Manufacturing and construction workers, informal sector labourers, small traders, retailers, and agricultural producers face the sharpest impacts through job losses, wage stagnation, reduced hours, and rising input costs. In contrast, large corporations and asset holders remain relatively insulated.
How does government stimulus reach different parts of society?
Recovery measures typically flow through institutional channels—bank lending, corporate subsidies, infrastructure contracts—which primarily benefit large entities with collateral and political access. Daily wage workers and street vendors lack access to these formal credit and procurement systems.
What economic indicators show India's slowdown?
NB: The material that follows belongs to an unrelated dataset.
(* Let $S[1..n]$ be a string. Given the lcp array and rank array of $S$, one can compute all useful LLRs of $S$ (listed in increasing order of start position) in $O(n)$ time and space.
   Context: For $1\le i\le j\le n$, $S[i..j]=S[i]\cdots S[j]$. A substring is unique if it has no other occurrence starting at a different position; it is a repeat otherwise. The left-bounded longest repeat starting at position $k$, $\mathrm{LLR}_k$, is a repeat $S[k..j]$ such that either $j=n$ or $S[k..j+1]$ is unique (it does not exist if $S[k]$ is unique). An LLR is useless if its position interval is contained in that of another LLR; otherwise it is useful. The suffix array $SA[1..n]$ is the permutation of $\{1,\ldots,n\}$ listing the starting positions of suffixes of $S$ in increasing lexicographic order (a proper prefix is smaller). The rank array is its inverse: $\mathrm{Rank}[i]=j$ iff $SA[j]=i$. The lcp array $\mathrm{LCP}[1..n+1]$ has $\mathrm{LCP}[1]=\mathrm{LCP}[n+1]=0$ and, for $2\le i\le n$, $\mathrm{LCP}[i]$ is the length of the longest common prefix of $S[SA[i-1]..n]$ and $S[SA[i]..n]$. Complexity is in the word-RAM model with each integer in $\{0,\ldots,n+1\}$ occupying a constant number of words. *)

theory Defs
  imports Main
begin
Growth rates have decelerated from 7–8% (2015–2017) to lower levels recently. Real wage growth lags inflation, particularly in food essentials. Credit conditions have tightened for small and medium enterprises, constraining investment and job creation.
How do asset owners and workers experience the same economic slowdown differently?
A senior executive with equity options, a farmer with irrigation assets, and a construction labourer all face the same GDP slowdown, but their exposure differs dramatically. Asset holders benefit from capital appreciation during recoveries, while workers depend entirely on wages and employment stability.